__Exercise brief__. Tally up the lines below that include the word "subseteq". Answer with the number alone.

__Task inputs__.

definition domD :: "nat \<Rightarrow> nat \<Rightarrow> (nat \<Rightarrow> real) \<Rightarrow> (nat \<Rightarrow> real) \<Rightarrow> (nat \<Rightarrow> real) \<Rightarrow> (nat \<Rightarrow> real)
     \<Rightarrow> (nat \<Rightarrow> real) \<Rightarrow> (nat \<Rightarrow> real) \<Rightarrow> ((nat \<Rightarrow> real) \<times> (nat \<Rightarrow> real)) set" where
  "domD b l a bu c d pbar qbar = {(p, q). prob_vec b p \<and> prob_vec b q \<and>
     (\<forall>i\<in>{1..l}. a i \<le> p i \<and> p i \<le> bu i \<and> c i \<le> q i \<and> q i \<le> d i) \<and>
     (\<forall>i\<in>{l<..b}. p i = pbar i \<and> q i = qbar i)}"

end

theory Submission
  imports Defs "HOL-Computational_Algebra.Polynomial"
begin

text \<open>Pick coordinates \<open>i \<noteq> h\<close> at which the maximum point differs and move mass between
  them along a segment that passes through the maximum point at \<open>s = 1\<close> and through its
  image under the transposition of \<open>i\<close> and \<open>h\<close> at \<open>s = -1\<close>. Along this segment \<open>Psi\<close> is a
  polynomial of degree at most \<open>3\<close> which is even in \<open>s\<close> by the permutation symmetry of
  \<open>Psi\<close>, hence of the form \<open>c0 + c2 s\<^sup>2\<close>. If \<open>s = 1\<close> is interior to the feasible part of
  the segment, moving past \<open>1\<close> rules out \<open>c2 > 0\<close> and moving towards \<open>0\<close> rules out
  \<open>c2 < 0\<close>; so \<open>Psi\<close> is constant there and the end of the feasible part, which lies on a
  face of the box, is again a maximum point.\<close>

lemma Psi_comp_permutes:
  assumes "t permutes {1..b}"
  shows "Psi b j (p \<circ> t) (q \<circ> t) = Psi b j p q"
  unfolding Psi_def
  by (subst (2) setum_permutations_compose_left[OF assms]) (simp add: o_def)

lemma degree_prod_reindex_le:
  fixes R :: "'a \<Rightarrow> 'b::comm_semiring_1 poly"
  assumes "inj_on \<sigma> A" "\<sigma> ` A \<subseteq> B" "finite B"
  shows "degree (\<Prod>k\<in>A. R (\<sigma> k)) \<le> (\<Sum>m\<in>B. degree (R m))"
proof -
  have "finite A" using assms finite_imageD finite_subset by blast
  then have "degree (\<Prod>k\<in>A. R (\<sigma> k)) \<le> (\<Sum>k\<in>A. degree (R (\<sigma> k)))"
    using degree_prod_sum_le[of A "\<lambda>k. R (\<sigma> k)"] by (simp add: o_def)
  also have "\<dots> = (\<Sum>m\<in>\<sigma> ` A. degree (R m))"
    using sum.reindex[OF assms(1), of "\<lambda>m. degree (R m)"] by simp
  also have "\<dots> \<le> (\<Sum>m\<in>B. degree (R m))"
    using assms(2,3) by (intro sum_mono2) auto
  finally show ?thesis .
qed

text \<open>A monomial of \<open>Psi\<close> is a product of distinct \<open>p\<close>-coordinates, of degree at most the
  budget \<open>2\<close>, times a single \<open>q\<close>-coordinate of degree at most \<open>1\<close> (or vice versa).\<close>

lemma Psi_polynomial_path:
  fixes p q :: "real \<Rightarrow> nat \<Rightarrow> real" and P Q :: "nat \<Rightarrow> real poly"
  assumes "j \<le> b"
    and p: "\<And>s k. p s k = poly (P k) s" and q: "\<And>s k. q s k = poly (Q k) s"
    and P1: "\<And>k. degree (P k) \<le> 1" and Q1: "\<And>k. degree (Q k) \<le> 1"
    and P2: "(\<Sum>k\<in>{1..b}. degree (P k)) \<le> 2" and Q2: "(\<Sum>k\<in>{1..b}. degree (Q k)) \<le> 2"
  shows "\<exists>Pol. degree Pol \<le> 3 \<and> (\<forall>s. Psi b j (p s) (q s) = poly Pol s)"
proof -
  let ?T = "\<lambda>\<sigma>. (\<Prod>k=1..j. P (\<sigma> k)) * Q (\<sigma> (j+1)) + (\<Prod>k=1..j. Q (\<sigma> k)) * P (\<sigma> (j+1))"
  define Pol where "Pol = smult (1 / fact (b - j - 1)) (\<Sum>\<sigma> | \<sigma> permutes {1..b}. ?T \<sigma>)"
  have "Psi b j (p s) (q s) = poly Pol s" for s
    unfolding Pol_def Psi_def by (simp add: poly_sum poly_prod p q)
  moreover have "degree (?T \<sigma>) \<le> 3" if \<sigma>: "\<sigma> permutes {1..b}" for \<sigma>
  proof -
    have inj: "inj_on \<sigma> {1..j}"
      using permutes_inj[OF \<sigma>] by (auto simp: inj_on_def inj_def)
    have "\<sigma> ` {1..j} \<subseteq> \<sigma> ` {1..b}"
      using \<open>j \<le> b\<close> by (intro image_mono) simp
    then have img: "\<sigma> ` {1..j} \<subseteq> {1..b}"
      by (simp only: permutes_image[OF \<sigma>])
    have "degree (\<Prod>k=1..j. P (\<sigma> k)) \<le> 2" "degree (\<Prod>k=1..j. Q (\<sigma> k)) \<le> 2"
      using degree_prod_reindex_le[OF inj img _, of P] degree_prod_reindex_le[OF inj img _, of Q] P2 Q2
      by simp_all
    then have "degree ((\<Prod>k=1..j. P (\<sigma> k)) * Q (\<sigma> (j+1))) \<le> 3"
      and "degree ((\<Prod>k=1..j. Q (\<sigma> k)) * P (\<sigma> (j+1))) \<le> 3"
      using degree_mult_le[of "\<Prod>k=1..j. P (\<sigma> k)" "Q (\<sigma> (j+1))"] Q1[of "\<sigma> (j+1)"]
        degree_mult_le[of "\<Prod>k=1..j. Q (\<sigma> k)" "P (\<sigma> (j+1))"] P1[of "\<sigma> (j+1)"]
      by linarith+
    then show ?thesis by (rule degree_add_le)
  qed
  then have "degree (\<Sum>\<sigma> | \<sigma> permutes {1..b}. ?T \<sigma>) \<le> 3"
    by (intro degree_sum_le) (auto simp: finite_permutations)
  then have "degree Pol \<le> 3"
    unfolding Pol_def using degree_smult_le order_trans by blast
  ultimately show ?thesis by blast
qed

lemma poly_even_cubic:
  fixes Pol :: "real poly"
  assumes "degree Pol \<le> 3" and even: "\<And>s. poly Pol (-s) = poly Pol s"
  shows "poly Pol s = coeff Pol 0 + coeff Pol 2 * s\<^sup>2"
proof -
  have cubic: "poly Pol x = coeff Pol 0 + coeff Pol 1 * x + coeff Pol 2 * x\<^sup>2 + coeff Pol 3 * x ^ 3"
    for x
  proof -
    have "poly Pol x = (\<Sum>i\<le>3. coeff Pol i * x ^ i)"
      unfolding poly_altdef
      by (rule sum.mono_neutral_left) (use assms(1) in \<open>auto simp: coeff_eq_0\<close>)
    then show ?thesis by (simp add: numeral_eq_Suc)
  qed
  have "coeff Pol 1 + coeff Pol 3 = 0" "coeff Pol 1 + 4 * coeff Pol 3 = 0"
    using even[of 1] even[of 2] unfolding cubic by simp_all
  then have "coeff Pol 1 = 0" "coeff Pol 3 = 0" by linarith+
  then show ?thesis using cubic by simp
qed

definition swap_path :: "nat \<Rightarrow> nat \<Rightarrow> (nat \<Rightarrow> real) \<Rightarrow> real \<Rightarrow> nat \<Rightarrow> real" where
  "swap_path i h p s = p(i := (p i + p h) / 2 + s * ((p i - p h) / 2),
                         h := (p i + p h) / 2 - s * ((p i - p h) / 2))"

lemma swap_path_apply:
  assumes "i \<noteq> h"
  shows "swap_path i h p s i = (p i + p h) / 2 + s * ((p i - p h) / 2)"
    and "swap_path i h p s h = (p i + p h) / 2 - s * ((p i - p h) / 2)"
    and "k \<noteq> i \<Longrightarrow> k \<noteq> h \<Longrightarrow> swap_path i h p s k = p k"
  using assms by (auto simp: swap_path_def)

lemma swap_path_one [simp]: "swap_path i h p 1 = p"
  by (auto simp: swap_path_def field_simps)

__Exercise output__. 3